I have discovered a great tool that allows you to precisely pinpoint the location of any shot taken and add the geographical co-ordinates to it. This shot is of the up-ramp to the rooftop car-park of Footscray shopping centre, a 2005 image that resurfaced thanks to iView Media Pro3. I've also used iView Media Pro3 to confirm the date I made an image as recently as two weeks ago. It's funny how our memories are never that as sharp as we'd like to think they are.
Meanwhile over at the Melbourne Flickr group, outrage at Southbank's recent decision to ban photography inside the complex has prompted some action by some of the group.

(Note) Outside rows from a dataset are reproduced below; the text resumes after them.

lemma loxodromic_pow:
  assumes lox: "loxodromic G X d \<phi> g" and n: "n \<ge> 1"
  shows "loxodromic G X d \<phi> (g [^] (n::nat))"
proof -
  obtain x L c where g: "g \<in> carrier G" and x: "x \<in> X" and L: "L \<ge> 1" and c: "c \<ge> 0"
    and qi: "\<And>m k::int. \<bar>real_of_int (m - k)\<bar> / L - c \<le> d (\<phi> (g [^] m) x) (\<phi> (g [^] k) x) \<and>
        d (\<phi> (g [^] m) x) (\<phi> (g [^] k) x) \<le> L * \<bar>real_of_int (m - k)\<bar> + c"
    using lox unfolding loxodromic_def by blast
  have pow: "(g [^] n) [^] m = g [^] (int n * m)" for m :: int
    using g by (simp add: int_pow_int[symmetric] int_pow_pow)
  have qi_pow: "\<bar>real_of_int (m - k)\<bar> / (L * n) - c \<le> d (\<phi> ((g [^] n) [^] m) x) (\<phi> ((g [^] n) [^] k) x) \<and>
      d (\<phi> ((g [^] n) [^] m) x) (\<phi> ((g [^] n) [^] k) x) \<le> (L * n) * \<bar>real_of_int (m - k)\<bar> + c"
    for m k :: int
  proof -
    define a where "a = \<bar>real_of_int (m - k)\<bar>"
    have scale: "\<bar>real_of_int (int n * m - int n * k)\<bar> = real n * a"
      unfolding a_def by (simp flip: right_diff_distrib add: abs_mult)
    have "a / (L * n) \<le> a / L"
      using L n unfolding a_def by (intro divide_left_mono) auto
    also have "\<dots> \<le> real n * a / L"
      using L mult_right_mono[of 1 "real n" a] n unfolding a_def by (intro divide_right_mono) auto
    finally show ?thesis
      using qi[of "int n * m" "int n * k"] unfolding pow scale a_def by (simp add: algebra_simps)
  qed
  have "L * real n \<ge> 1"
    using mult_mono[of 1 L 1 "real n"] L n by simp
  then show ?thesis
    unfolding loxodromic_def using g x c qi_pow by blast
qed

lemma unbounded_orbit_pow_if_escapes:
  assumes a: "a \<in> carrier G" and L: "L > 0"
    and escape: "\<And>j::nat. real j / L - c \<le> d x (\<phi> (a [^] j) x)" and k: "(k::nat) \<ge> 1"
  shows "unbounded_orbit (a [^] k) x"
  unfolding unbounded_orbit_def
proof
  fix B
  obtain m :: nat where "L * (B + c) \<le> real m"
    using real_arch_simple by blast
  then have "B \<le> real m / L - c"
    using L by (simp add: field_simps)
  also have "\<dots> \<le> real (k * m) / L - c"
    using L mult_right_mono[of 1 "real k" "real m"] k by (simp add: divide_right_mono)
  also have "\<dots> \<le> d x (\<phi> ((a [^] k) [^] m) x)"
    using escape[of "k * m"] a by (simp add: nat_pow_pow)
  finally show "\<exists>m::nat. B \<le> d x (\<phi> ((a [^] k) [^] m) x)" by blast
qed

lemma loxodromic_power_with_progress:
  assumes lox: "loxodromic G X d \<phi> a"
  obtains x k where "x \<in> X" "unbounded_orbit (a [^] (k::nat)) x"
    "d x (\<phi> ((a [^] k) [^] (2::nat)) x) - d x (\<phi> (a [^] k) x) > D"
proof -
  obtain x L c where a: "a \<in> carrier G" and x: "x \<in> X" and L: "L \<ge> 1"
    and lower: "\<And>m k::int. \<bar>real_of_int (m - k)\<bar> / L - c \<le> d (\<phi> (a [^] m) x) (\<phi> (a [^] k) x)"
    using lox unfolding loxodromic_def by blast
  have escape: "real j / L - c \<le> d x (\<phi> (a [^] j) x)" for j :: nat
    using lower[of 0 "int j"] a x by (simp add: int_pow_int)
  have "\<exists>j. d x (\<phi> (a [^] ((2::nat) ^ Suc j)) x) - d x (\<phi> (a [^] ((2::nat) ^ j)) x) > D"
  proof (rule exponential_lower_bound_jump[where V = "\<lambda>j. d x (\<phi> (a [^] ((2::nat) ^ j)) x)"])
    show "L > 0" using L by simp
    show "2 ^ j / L - c \<le> d x (\<phi> (a [^] ((2::nat) ^ j)) x)" for j
      using escape[of "2 ^ j"] by simp
  qed
  then obtain j where j: "d x (\<phi> (a [^] ((2::nat) ^ Suc j)) x) - d x (\<phi> (a [^] ((2::nat) ^ j)) x) > D"
    by blast
  define k where "k = (2::nat) ^ j"
  have "(a [^] k) [^] (2::nat) = a [^] ((2::nat) ^ Suc j)"
    using a by (simp add: k_def nat_pow_pow mult.commute)
  moreover have "k \<ge> 1"
    unfolding k_def by simp
  then have "unbounded_orbit (a [^] k) x"
    using unbounded_orbit_pow_if_escapes[OF a _ escape] L by simp
  ultimately show thesis
    using that x j unfolding k_def by simp
qed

While I wholeheartedly agree amateurs and artists alike you should have free reign to photograph whatever and whenever they like, however, it still boils down to the place being private property and the owners have the right to ask that no photography occurs there. I mean really, there are some interesting architectural details there and there is always lots of life and colour, but is it really going to dampen Melbourne's cultural life or creative energy, I think not. Personally, Southbank is rarely a place I would go out of my way to visit, just to photograph, I'm more inclined usually to pull out my camera because I'm there and "happen" to see something I like, and these days that's pretty rare.
This issue even made the mainstream news, and little Johnny even had two words to say about it. From where I sit it's really all about shopkeepers thinking that their displays are somehow worthy of protection, or if you photograph them you are stealing ideas or using the photographs to somehow undermine their sales, meh whatevah!
Update
Now the Age has weighed into the argument
2 comments:
Isn't is strange how this is getting so much attention when it's been a common thing at similar venues for ages? Hopefully, with the public view on them, they and other shopping centres will train their security to act politely which hasn't always been the case. Usually it's rentacop types doing whatever they feel like.
Hi barb yes it is a little strange that, hmmmm, food for thought?